Is there any way around these limitations?
Glenn, i feel your pain :)
SSIS cannot make the columns dynamic, as it needs to store metadata of each column as it come through, and since we're working with flat files which can contain any kind of data, it can't assume that the CRLF in a 'column-that-is-not-that-last-column', is indeed the end of the data line its supposed to read.
Unlike DTS in SQL2000, you can't change the properties of a SSIS package at runtime.
What you could do is create a parent package, that reads the flat file (script task), and only reads the first line of the flat file to get the number of columns, and the column names. This info can be stored in a variable.
Then, the parent package loads the child package (script task again) programmatically, and updates the metadata of the Source Connection of the child package.

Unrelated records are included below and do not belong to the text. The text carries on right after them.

(* Under the standing assumptions, let $\vec v$ be a demand vector, let $(\vec v,\vec v_1)$ be an $(s,t_1)$-adjacent pair with switching cost $2$ and intermediate task $i_1$, and let $(\vec v,\vec v_2)$ be an $(s,t_2)$-adjacent pair with switching cost $2$ and intermediate task $i_2$. Then the tasks $s,i_1,t_1,i_2,t_2$ are not all distinct.
   Context: Standing assumptions: $n\ge 4$, $k\ge 5$, and $f_1,\dots,f_n$ are functions from demand vectors to $[k]$ satisfying the demand (for every demand vector $\vec v$ and task $j$, exactly $v_j$ agents $a$ have $f_a(\vec v)=j$), with maximum switching cost at most $2$. A demand vector is $\vec v=(v_1,\dots,v_k)$ of non-negative integers with $\sum v_j=n$. The switching cost of $(\vec v,\vec v')$ is the number of agents $a$ with $f_a(\vec v)\ne f_a(\vec v')$; $\vec v,\vec v'$ are adjacent if $\|\vec v-\vec v'\|_1=2$. An ordered pair $(\vec v_1,\vec v_2)$ is $(s,t)$-adjacent if $s\ne t$ and $\vec v_2$ is obtained from $\vec v_1$ by moving one unit of demand from task $s$ to task $t$. Agent $a$ is $(i,j)$-mobile with respect to $(\vec v_1,\vec v_2)$ if $f_a(\vec v_1)=i$, $f_a(\vec v_2)=j$, $i\ne j$. If $(\vec v_1,\vec v_2)$ is $(s,t)$-adjacent with switching cost $2$, then there is a task $i\notin\{s,t\}$ such that one switching agent is $(s,i)$-mobile and the other is $(i,t)$-mobile; $i$ is called the intermediate task of $(\vec v_1,\vec v_2)$. *)

theory Defs
  imports Main
begin

definition demand_vec :: "nat \<Rightarrow> nat \<Rightarrow> (nat \<Rightarrow> nat) \<Rightarrow> bool" where
  "demand_vec n k v \<longleftrightarrow> (\<forall>j. j \<notin> {1..k} \<longrightarrow> v j = 0) \<and> (\<Sum>j\<in>{1..k}. v j) = n"

text \<open>f a v is the task assigned to agent a under demand vector v.\<close>
definition satisfies_demand :: "nat \<Rightarrow> nat \<Rightarrow> (nat \<Rightarrow> (nat \<Rightarrow> nat) \<Rightarrow> nat) \<Rightarrow> bool" where
  "satisfies_demand n k f \<longleftrightarrow>
     (\<forall>v. demand_vec n k v \<longrightarrow>
        (\<forall>a\<in>{1..n}. f a v \<in> {1..k}) \<and>
        (\<forall>j\<in>{1..k}. card {a\<in>{1..n}. f a v = j} = v j))"

definition switching_cost :: "nat \<Rightarrow> (nat \<Rightarrow> (nat \<Rightarrow> nat) \<Rightarrow> nat) \<Rightarrow> (nat \<Rightarrow> nat) \<Rightarrow> (nat \<Rightarrow> nat) \<Rightarrow> nat" where
  "switching_cost n f v w = card {a\<in>{1..n}. f a v \<noteq> f a w}"

definition adjacent :: "nat \<Rightarrow> (nat \<Rightarrow> nat) \<Rightarrow> (nat \<Rightarrow> nat) \<Rightarrow> bool" where
  "adjacent k v w \<longleftrightarrow> (\<Sum>j\<in>{1..k}. (if v j \<le> w j then w j - v j else v j - w j)) = 2"

definition max_switching_cost_le :: "nat \<Rightarrow> nat \<Rightarrow> (nat \<Rightarrow> (nat \<Rightarrow> nat) \<Rightarrow> nat) \<Rightarrow> nat \<Rightarrow> bool" where
  "max_switching_cost_le n k f c \<longleftrightarrow>
     (\<forall>v w. demand_vec n k v \<and> demand_vec n k w \<and> adjacent k v w \<longrightarrow> switching_cost n f v w \<le> c)"

definition st_adjacent :: "nat \<Rightarrow> nat \<Rightarrow> (nat \<Rightarrow> nat) \<Rightarrow> (nat \<Rightarrow> nat) \<Rightarrow> nat \<Rightarrow> nat \<Rightarrow> bool" where
  "st_adjacent n k v w s t \<longleftrightarrow> demand_vec n k v \<and> demand_vec n k w \<and>
     s \<in> {1..k} \<and> t \<in> {1..k} \<and> s \<noteq> t \<and> v s \<ge> 1 \<and>
     w = v(s := v s - 1, t := v t + 1)"

definition mobile :: "(nat \<Rightarrow> (nat \<Rightarrow> nat) \<Rightarrow> nat) \<Rightarrow> nat \<Rightarrow> (nat \<Rightarrow> nat) \<Rightarrow> (nat \<Rightarrow> nat) \<Rightarrow> nat \<Rightarrow> nat \<Rightarrow> bool" where
  "mobile f a v w i j \<longleftrightarrow> f a v = i \<and> f a w = j \<and> i \<noteq> j"

definition intermediate_task :: "nat \<Rightarrow> nat \<Rightarrow> (nat \<Rightarrow> (nat \<Rightarrow> nat) \<Rightarrow> nat) \<Rightarrow> (nat \<Rightarrow> nat) \<Rightarrow> (nat \<Rightarrow> nat) \<Rightarrow> nat \<Rightarrow> nat \<Rightarrow> nat \<Rightarrow> bool" where
  "intermediate_task n k f v w s t i \<longleftrightarrow> st_adjacent n k v w s t \<and> switching_cost n f v w = 2 \<and>
     i \<in> {1..k} \<and> i \<notin> {s, t} \<and>
     (\<exists>a\<in>{1..n}. \<exists>b\<in>{1..n}. a \<noteq> b \<and> mobile f a v w s i \<and> mobile f b v w i t)"

end

theory Submission
  imports Defs
begin

text \<open>Moving a unit from s to t1 and a unit from s to t2 leaves demand vectors that differ by
  moving one unit from t2 to t1. Both moves change the common assignment at v in only two agents,
  and if s, i1, t1, i2, t2 were distinct, the agent moving into t1, the agent moving into t2 and
  the agent leaving s towards i1 would be three agents assigned differently at the two adjacent
  vectors, exceeding switching cost 2.\<close>

lemma adjacent_of_common_source:
  assumes "st_adjacent n k v w1 s t1" and "st_adjacent n k v w2 s t2" and "t1 \<noteq> t2"
  shows "adjacent k w1 w2"
proof -
  from assms have w1: "w1 = v(s := v s - 1, t1 := v t1 + 1)"
    and w2: "w2 = v(s := v s - 1, t2 := v t2 + 1)"
    and t12: "{t1, t2} \<subseteq> {1..k}" "s \<noteq> t1" "s \<noteq> t2"
    by (auto simp: st_adjacent_def)
  have "(if w1 j \<le> w2 j then w2 j - w1 j else w1 j - w2 j) = (if j \<in> {t1, t2} then 1 else 0)"
    for j using t12 \<open>t1 \<noteq> t2\<close> by (auto simp: w1 w2)
  then have "(\<Sum>j\<in>{1..k}. if w1 j \<le> w2 j then w2 j - w1 j else w1 j - w2 j)
      = (\<Sum>j\<in>{1..k}. if j \<in> {t1, t2} then 1 else 0)"
    by simp
  also have "\<dots> = (\<Sum>j\<in>{t1, t2}. 1)"
    using t12 by (intro sum.mono_neutral_cong_right) auto
  also have "\<dots> = 2"
    using \<open>t1 \<noteq> t2\<close> by simp
  finally show ?thesis
    unfolding adjacent_def .
qed

lemma switching_cost_le_of_common_source:
  assumes "max_switching_cost_le n k f c"
    and "st_adjacent n k v w1 s t1" and "st_adjacent n k v w2 s t2" and "t1 \<noteq> t2"
  shows "switching_cost n f w1 w2 \<le> c"
proof -
  have "adjacent k w1 w2"
    using adjacent_of_common_source[OF assms(2-4)] .
  with assms(1-3) show ?thesis
    unfolding max_switching_cost_le_def st_adjacent_def by blast
qed

lemma switching_agents_eq_pair:
  assumes "switching_cost n f v w = 2"
    and "a \<in> {1..n}" "b \<in> {1..n}" "a \<noteq> b" "f a v \<noteq> f a w" "f b v \<noteq> f b w"
  shows "{c \<in> {1..n}. f c v \<noteq> f c w} = {a, b}"
proof (rule sym, rule card_subset_eq)
  show "{a, b} \<subseteq> {c \<in> {1..n}. f c v \<noteq> f c w}"
    using assms by auto
  show "card {a, b} = card {c \<in> {1..n}. f c v \<noteq> f c w}"
    using assms unfolding switching_cost_def by simp
qed simp

lemma intermediate_task_agents:
  assumes "intermediate_task n k f v w s t i"
  obtains a b where "a \<in> {1..n}" "b \<in> {1..n}" "a \<noteq> b"
    "f a v = s" "f a w = i" "f b v = i" "f b w = t"
    "\<And>c. c \<in> {1..n} \<Longrightarrow> c \<notin> {a, b} \<Longrightarrow> f c w = f c v"
proof -
  from assms obtain a b where ab: "a \<in> {1..n}" "b \<in> {1..n}" "a \<noteq> b"
      "mobile f a v w s i" "mobile f b v w i t" and cost: "switching_cost n f v w = 2"
    unfolding intermediate_task_def by blast
  then have switching: "{c \<in> {1..n}. f c v \<noteq> f c w} = {a, b}"
    using switching_agents_eq_pair[OF cost ab(1-3)] by (simp add: mobile_def)
  have "f c w = f c v" if "c \<in> {1..n}" "c \<notin> {a, b}" for c
  proof (rule ccontr)
    assume "f c w \<noteq> f c v"
    with \<open>c \<in> {1..n}\<close> have "c \<in> {c \<in> {1..n}. f c v \<noteq> f c w}"
      by simp
    with switching \<open>c \<notin> {a, b}\<close> show False
      by blast
  qed
  with ab show thesis
    using that[of a b] by (simp add: mobile_def)
qed

lemma three_le_switching_cost:
  assumes "{a, b, c} \<subseteq> {x \<in> {1..n}. f x v \<noteq> f x w}" and "distinct [a, b, c]"
  shows "3 \<le> switching_cost n f v w"
proof -
  have "card {a, b, c} = 3"
    using assms(2) by simp
  then show ?thesis
    unfolding switching_cost_def using card_mono[OF _ assms(1)] by simp
qed

theorem lemma4p6:
  fixes n k :: nat and f :: "nat \<Rightarrow> (nat \<Rightarrow> nat) \<Rightarrow> nat"
    and v v1 v2 :: "nat \<Rightarrow> nat" and s t1 t2 i1 i2 :: nat
  assumes "n \<ge> 4" and "k \<ge> 5"
    and "satisfies_demand n k f"
    and "max_switching_cost_le n k f 2"
    and "demand_vec n k v"
    and "st_adjacent n k v v1 s t1" and "switching_cost n f v v1 = 2"
    and "intermediate_task n k f v v1 s t1 i1"
    and "st_adjacent n k v v2 s t2" and "switching_cost n f v v2 = 2"
    and "intermediate_task n k f v v2 s t2 i2"
  shows "\<not> distinct [s, i1, t1, i2, t2]"
proof
  assume dist: "distinct [s, i1, t1, i2, t2]"
  obtain a1 b1 where agents1: "a1 \<in> {1..n}" "b1 \<in> {1..n}" "a1 \<noteq> b1"
      "f a1 v = s" "f a1 v1 = i1" "f b1 v = i1" "f b1 v1 = t1"
      "\<And>c. c \<in> {1..n} \<Longrightarrow> c \<notin> {a1, b1} \<Longrightarrow> f c v1 = f c v"
    using intermediate_task_agents[OF assms(8)] by blast
  obtain a2 b2 where agents2: "a2 \<in> {1..n}" "b2 \<in> {1..n}" "a2 \<noteq> b2"
      "f a2 v = s" "f a2 v2 = i2" "f b2 v = i2" "f b2 v2 = t2"
      "\<And>c. c \<in> {1..n} \<Longrightarrow> c \<notin> {a2, b2} \<Longrightarrow> f c v2 = f c v"
    using intermediate_task_agents[OF assms(11)] by blast
  have "b1 \<notin> {a2, b2}" "b2 \<notin> {a1, b1}" "a1 \<noteq> b2"
    using agents1(4,6) agents2(4,6) dist by auto
  then have b: "f b1 v2 = i1" "f b2 v1 = i2"
    using agents1(2,6,8) agents2(2,6,8) by simp_all
  have a1: "f a1 v2 \<noteq> i1"
  proof (cases "a1 = a2")
    case False
    with \<open>a1 \<noteq> b2\<close> have "f a1 v2 = s"
      using agents1(1,4) agents2(8) by simp
    with dist show ?thesis by simp
  qed (use agents2(5) dist in auto)
  have switching: "{a1, b1, b2} \<subseteq> {a \<in> {1..n}. f a v1 \<noteq> f a v2}"
    using a1 b agents1(1,2,5,7) agents2(2,7) dist by auto
  have "distinct [a1, b1, b2]"
    using \<open>a1 \<noteq> b1\<close> \<open>a1 \<noteq> b2\<close> \<open>b1 \<notin> {a2, b2}\<close> by simp
  then have "3 \<le> switching_cost n f v1 v2"
    by (rule three_le_switching_cost[of a1 b1 b2 n f v1 v2, OF switching])
  moreover have "switching_cost n f v1 v2 \<le> 2"
    using switching_cost_le_of_common_source[OF assms(4,6,9)] dist by simp
  ultimately show False
    by simp
qed

end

This is where you would either
1. Add / remove columns to match the flat file.
2. Set the column delimiter for the columns, the last column has to be the CRLF - matching the ROW delimiter
3. Reinitialise the metadata (ComponentMetadata.ReinitializeMetadata()) of the Source Compoenent in the Dataflow task (to recognize the recent changes in the Source Connection).
4. Save the child ssis package.
Details on programmatically modifying a package is readily available only.
Then, your parent package just executes the Child package (Execute Package Task), and it'll execute with your new mappings.